** TASK GOAL **
Every line from the one with "define M where" to the one with "C. \<forall>i>N. \<forall>x\<in>inner_set", including those two, is to be copied exactly; all other lines of the entries below are left out.

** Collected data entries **
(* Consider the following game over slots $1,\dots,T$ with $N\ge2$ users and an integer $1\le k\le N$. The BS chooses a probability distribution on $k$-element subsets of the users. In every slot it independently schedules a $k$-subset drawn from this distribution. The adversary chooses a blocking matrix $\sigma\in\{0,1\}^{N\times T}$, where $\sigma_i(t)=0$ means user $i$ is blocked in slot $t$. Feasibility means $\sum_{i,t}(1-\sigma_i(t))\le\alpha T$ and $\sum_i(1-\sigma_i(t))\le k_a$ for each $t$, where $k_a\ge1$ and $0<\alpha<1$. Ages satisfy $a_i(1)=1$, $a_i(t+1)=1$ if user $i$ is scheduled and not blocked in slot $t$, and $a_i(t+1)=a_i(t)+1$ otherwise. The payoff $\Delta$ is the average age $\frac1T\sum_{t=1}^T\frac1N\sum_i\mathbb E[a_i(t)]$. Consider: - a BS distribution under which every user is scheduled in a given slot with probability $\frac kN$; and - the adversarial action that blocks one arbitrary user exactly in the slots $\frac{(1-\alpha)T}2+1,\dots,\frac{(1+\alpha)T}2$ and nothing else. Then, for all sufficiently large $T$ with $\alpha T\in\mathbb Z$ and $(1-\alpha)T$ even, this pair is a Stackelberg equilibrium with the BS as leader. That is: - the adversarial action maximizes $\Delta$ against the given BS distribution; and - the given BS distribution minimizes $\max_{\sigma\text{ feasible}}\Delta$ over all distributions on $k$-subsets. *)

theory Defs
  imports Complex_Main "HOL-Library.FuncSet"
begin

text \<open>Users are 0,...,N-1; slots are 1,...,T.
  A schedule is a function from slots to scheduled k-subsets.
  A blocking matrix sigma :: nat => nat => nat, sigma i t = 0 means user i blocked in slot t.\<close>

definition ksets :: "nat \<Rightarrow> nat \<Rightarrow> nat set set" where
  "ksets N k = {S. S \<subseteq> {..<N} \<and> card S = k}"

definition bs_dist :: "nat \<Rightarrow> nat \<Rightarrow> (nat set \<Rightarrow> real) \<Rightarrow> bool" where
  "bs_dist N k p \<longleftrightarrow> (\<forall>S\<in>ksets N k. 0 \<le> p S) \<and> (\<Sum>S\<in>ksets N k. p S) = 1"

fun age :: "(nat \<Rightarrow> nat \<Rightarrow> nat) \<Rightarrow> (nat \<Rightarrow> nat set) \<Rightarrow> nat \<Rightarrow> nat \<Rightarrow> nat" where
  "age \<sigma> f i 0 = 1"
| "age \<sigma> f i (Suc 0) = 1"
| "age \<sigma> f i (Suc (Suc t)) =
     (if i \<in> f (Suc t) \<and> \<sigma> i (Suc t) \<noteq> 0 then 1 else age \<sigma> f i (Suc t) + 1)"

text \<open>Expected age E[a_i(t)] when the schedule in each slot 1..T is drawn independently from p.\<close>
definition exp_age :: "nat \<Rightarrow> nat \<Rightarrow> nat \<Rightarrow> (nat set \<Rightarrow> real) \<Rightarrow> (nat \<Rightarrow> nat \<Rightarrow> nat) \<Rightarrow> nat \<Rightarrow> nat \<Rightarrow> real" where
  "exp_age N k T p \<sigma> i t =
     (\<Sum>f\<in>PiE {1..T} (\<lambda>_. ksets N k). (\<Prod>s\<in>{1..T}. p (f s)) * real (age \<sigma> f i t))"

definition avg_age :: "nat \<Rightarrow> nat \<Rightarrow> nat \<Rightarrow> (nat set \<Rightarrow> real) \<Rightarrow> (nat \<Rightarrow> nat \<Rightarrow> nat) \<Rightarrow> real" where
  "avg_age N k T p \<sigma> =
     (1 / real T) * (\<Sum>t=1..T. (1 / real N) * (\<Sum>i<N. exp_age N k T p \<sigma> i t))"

---

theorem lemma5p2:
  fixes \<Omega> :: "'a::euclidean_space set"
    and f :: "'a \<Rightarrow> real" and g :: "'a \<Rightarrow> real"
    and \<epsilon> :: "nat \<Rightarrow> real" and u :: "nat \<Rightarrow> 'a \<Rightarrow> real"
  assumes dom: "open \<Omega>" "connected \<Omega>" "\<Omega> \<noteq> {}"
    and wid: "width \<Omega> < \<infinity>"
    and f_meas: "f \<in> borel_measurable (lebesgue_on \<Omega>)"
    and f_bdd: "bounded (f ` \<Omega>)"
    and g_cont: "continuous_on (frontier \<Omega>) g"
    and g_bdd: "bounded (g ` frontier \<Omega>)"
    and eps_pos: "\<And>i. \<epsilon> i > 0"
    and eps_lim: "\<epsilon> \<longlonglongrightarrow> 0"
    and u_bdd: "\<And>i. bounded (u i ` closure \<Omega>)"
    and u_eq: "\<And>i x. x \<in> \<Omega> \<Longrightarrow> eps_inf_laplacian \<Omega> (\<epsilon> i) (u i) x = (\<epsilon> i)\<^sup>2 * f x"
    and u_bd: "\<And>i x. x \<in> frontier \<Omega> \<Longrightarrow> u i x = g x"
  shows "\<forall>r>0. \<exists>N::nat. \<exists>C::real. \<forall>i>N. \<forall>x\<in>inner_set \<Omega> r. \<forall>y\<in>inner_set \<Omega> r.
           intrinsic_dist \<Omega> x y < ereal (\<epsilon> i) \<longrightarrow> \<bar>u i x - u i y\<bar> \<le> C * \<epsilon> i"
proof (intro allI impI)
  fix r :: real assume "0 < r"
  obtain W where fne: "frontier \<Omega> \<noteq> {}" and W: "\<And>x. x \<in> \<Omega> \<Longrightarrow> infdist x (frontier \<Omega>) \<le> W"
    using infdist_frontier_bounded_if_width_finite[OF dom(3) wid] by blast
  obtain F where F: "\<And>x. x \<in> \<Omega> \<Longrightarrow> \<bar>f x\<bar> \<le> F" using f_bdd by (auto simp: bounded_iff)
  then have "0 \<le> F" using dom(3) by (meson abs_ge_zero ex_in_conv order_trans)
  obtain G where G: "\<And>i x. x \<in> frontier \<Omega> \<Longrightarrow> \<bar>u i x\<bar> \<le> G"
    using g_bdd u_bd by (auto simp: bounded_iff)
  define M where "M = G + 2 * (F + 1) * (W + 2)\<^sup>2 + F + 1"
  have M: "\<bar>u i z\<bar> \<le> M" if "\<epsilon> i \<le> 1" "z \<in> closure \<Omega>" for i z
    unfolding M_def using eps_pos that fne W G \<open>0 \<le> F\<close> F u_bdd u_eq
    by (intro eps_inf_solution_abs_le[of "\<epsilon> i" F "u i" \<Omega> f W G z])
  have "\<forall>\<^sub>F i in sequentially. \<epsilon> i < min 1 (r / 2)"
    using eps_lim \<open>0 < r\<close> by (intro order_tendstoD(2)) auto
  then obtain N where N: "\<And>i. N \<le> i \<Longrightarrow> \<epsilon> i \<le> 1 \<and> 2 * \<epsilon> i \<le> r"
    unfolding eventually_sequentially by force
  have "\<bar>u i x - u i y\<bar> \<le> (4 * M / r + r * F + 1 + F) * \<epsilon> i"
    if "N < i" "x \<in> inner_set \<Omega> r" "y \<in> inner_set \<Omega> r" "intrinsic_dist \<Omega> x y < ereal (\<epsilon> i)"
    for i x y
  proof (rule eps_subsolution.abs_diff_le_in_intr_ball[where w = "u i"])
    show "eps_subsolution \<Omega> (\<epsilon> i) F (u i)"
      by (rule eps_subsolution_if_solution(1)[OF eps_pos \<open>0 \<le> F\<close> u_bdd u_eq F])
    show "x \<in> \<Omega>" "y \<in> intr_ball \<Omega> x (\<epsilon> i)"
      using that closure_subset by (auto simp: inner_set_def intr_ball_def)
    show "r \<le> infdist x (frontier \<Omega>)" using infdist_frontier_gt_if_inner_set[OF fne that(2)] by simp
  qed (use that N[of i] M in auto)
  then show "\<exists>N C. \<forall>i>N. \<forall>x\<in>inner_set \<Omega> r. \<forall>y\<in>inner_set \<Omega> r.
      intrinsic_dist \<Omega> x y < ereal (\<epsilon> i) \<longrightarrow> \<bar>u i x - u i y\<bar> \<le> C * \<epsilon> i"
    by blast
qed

==

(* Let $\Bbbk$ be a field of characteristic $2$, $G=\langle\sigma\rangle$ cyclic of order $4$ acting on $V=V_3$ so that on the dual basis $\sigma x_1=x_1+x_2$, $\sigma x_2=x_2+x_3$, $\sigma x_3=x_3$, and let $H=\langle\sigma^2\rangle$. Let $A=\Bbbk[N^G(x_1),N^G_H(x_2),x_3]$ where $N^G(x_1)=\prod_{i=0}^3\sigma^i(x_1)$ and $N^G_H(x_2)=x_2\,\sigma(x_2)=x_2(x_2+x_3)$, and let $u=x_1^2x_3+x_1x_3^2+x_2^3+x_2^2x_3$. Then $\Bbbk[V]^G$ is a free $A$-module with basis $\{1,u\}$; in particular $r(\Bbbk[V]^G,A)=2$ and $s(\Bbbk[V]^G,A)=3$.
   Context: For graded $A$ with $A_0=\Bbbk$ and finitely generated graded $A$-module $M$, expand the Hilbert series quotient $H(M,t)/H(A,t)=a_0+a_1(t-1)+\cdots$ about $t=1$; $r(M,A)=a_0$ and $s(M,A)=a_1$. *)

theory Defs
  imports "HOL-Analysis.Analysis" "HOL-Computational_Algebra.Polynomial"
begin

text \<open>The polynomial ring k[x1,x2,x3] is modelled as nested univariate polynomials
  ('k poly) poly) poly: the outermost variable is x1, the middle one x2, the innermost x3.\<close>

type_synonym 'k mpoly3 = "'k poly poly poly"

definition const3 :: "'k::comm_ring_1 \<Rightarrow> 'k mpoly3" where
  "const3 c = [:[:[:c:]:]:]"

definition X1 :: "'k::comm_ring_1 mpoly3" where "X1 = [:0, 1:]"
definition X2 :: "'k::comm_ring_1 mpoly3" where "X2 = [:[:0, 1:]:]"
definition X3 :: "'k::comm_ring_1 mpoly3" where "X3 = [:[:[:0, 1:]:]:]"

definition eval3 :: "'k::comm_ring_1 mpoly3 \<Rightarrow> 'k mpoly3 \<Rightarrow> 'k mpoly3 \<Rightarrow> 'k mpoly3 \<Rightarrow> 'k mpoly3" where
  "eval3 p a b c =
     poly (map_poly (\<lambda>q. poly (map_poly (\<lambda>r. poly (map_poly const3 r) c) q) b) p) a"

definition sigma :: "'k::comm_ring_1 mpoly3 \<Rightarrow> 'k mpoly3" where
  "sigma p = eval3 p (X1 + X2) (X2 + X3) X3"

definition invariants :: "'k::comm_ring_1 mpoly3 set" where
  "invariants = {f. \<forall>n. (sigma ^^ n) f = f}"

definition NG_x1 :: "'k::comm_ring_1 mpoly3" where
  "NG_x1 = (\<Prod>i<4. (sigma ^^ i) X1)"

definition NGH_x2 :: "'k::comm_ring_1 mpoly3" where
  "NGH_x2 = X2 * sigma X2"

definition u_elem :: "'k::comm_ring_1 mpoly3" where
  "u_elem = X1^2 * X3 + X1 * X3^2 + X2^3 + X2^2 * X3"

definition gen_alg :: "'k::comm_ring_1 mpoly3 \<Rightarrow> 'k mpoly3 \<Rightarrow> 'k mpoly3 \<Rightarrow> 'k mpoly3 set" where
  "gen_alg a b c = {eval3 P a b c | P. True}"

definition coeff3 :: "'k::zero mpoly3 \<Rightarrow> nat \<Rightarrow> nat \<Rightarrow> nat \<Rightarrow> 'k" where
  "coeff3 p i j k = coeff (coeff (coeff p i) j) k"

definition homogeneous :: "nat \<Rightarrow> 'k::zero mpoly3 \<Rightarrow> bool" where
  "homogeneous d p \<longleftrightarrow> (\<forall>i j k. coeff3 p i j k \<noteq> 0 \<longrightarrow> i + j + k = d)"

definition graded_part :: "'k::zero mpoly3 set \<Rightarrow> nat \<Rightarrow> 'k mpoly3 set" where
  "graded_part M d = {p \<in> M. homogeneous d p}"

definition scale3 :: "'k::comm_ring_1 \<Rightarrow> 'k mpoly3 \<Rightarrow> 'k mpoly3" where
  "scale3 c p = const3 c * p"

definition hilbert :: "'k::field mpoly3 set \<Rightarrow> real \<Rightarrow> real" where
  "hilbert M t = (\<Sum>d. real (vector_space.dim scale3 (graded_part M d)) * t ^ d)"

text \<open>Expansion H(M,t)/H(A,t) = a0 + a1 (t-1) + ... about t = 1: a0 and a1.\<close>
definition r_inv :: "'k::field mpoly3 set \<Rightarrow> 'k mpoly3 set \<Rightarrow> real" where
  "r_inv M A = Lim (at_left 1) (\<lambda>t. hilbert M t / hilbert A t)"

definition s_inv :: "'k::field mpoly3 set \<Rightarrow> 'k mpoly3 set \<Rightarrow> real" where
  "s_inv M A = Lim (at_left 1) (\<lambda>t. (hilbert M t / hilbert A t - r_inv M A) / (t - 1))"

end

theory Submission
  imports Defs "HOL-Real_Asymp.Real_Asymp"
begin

** ANSWER BELOW **
  define M where "M = G + 2 * (F + 1) * (W + 2)\<^sup>2 + F + 1"
  have M: "\<bar>u i z\<bar> \<le> M" if "\<epsilon> i \<le> 1" "z \<in> closure \<Omega>" for i z
    unfolding M_def using eps_pos that fne W G \<open>0 \<le> F\<close> F u_bdd u_eq
    by (intro eps_inf_solution_abs_le[of "\<epsilon> i" F "u i" \<Omega> f W G z])
  have "\<forall>\<^sub>F i in sequentially. \<epsilon> i < min 1 (r / 2)"
    using eps_lim \<open>0 < r\<close> by (intro order_tendstoD(2)) auto
  then obtain N where N: "\<And>i. N \<le> i \<Longrightarrow> \<epsilon> i \<le> 1 \<and> 2 * \<epsilon> i \<le> r"
    unfolding eventually_sequentially by force
  have "\<bar>u i x - u i y\<bar> \<le> (4 * M / r + r * F + 1 + F) * \<epsilon> i"
    if "N < i" "x \<in> inner_set \<Omega> r" "y \<in> inner_set \<Omega> r" "intrinsic_dist \<Omega> x y < ereal (\<epsilon> i)"
    for i x y
  proof (rule eps_subsolution.abs_diff_le_in_intr_ball[where w = "u i"])
    show "eps_subsolution \<Omega> (\<epsilon> i) F (u i)"
      by (rule eps_subsolution_if_solution(1)[OF eps_pos \<open>0 \<le> F\<close> u_bdd u_eq F])
    show "x \<in> \<Omega>" "y \<in> intr_ball \<Omega> x (\<epsilon> i)"
      using that closure_subset by (auto simp: inner_set_def intr_ball_def)
    show "r \<le> infdist x (frontier \<Omega>)" using infdist_frontier_gt_if_inner_set[OF fne that(2)] by simp
  qed (use that N[of i] M in auto)
  then show "\<exists>N C. \<forall>i>N. \<forall>x\<in>inner_set \<Omega> r. \<forall>y\<in>inner_set \<Omega> r.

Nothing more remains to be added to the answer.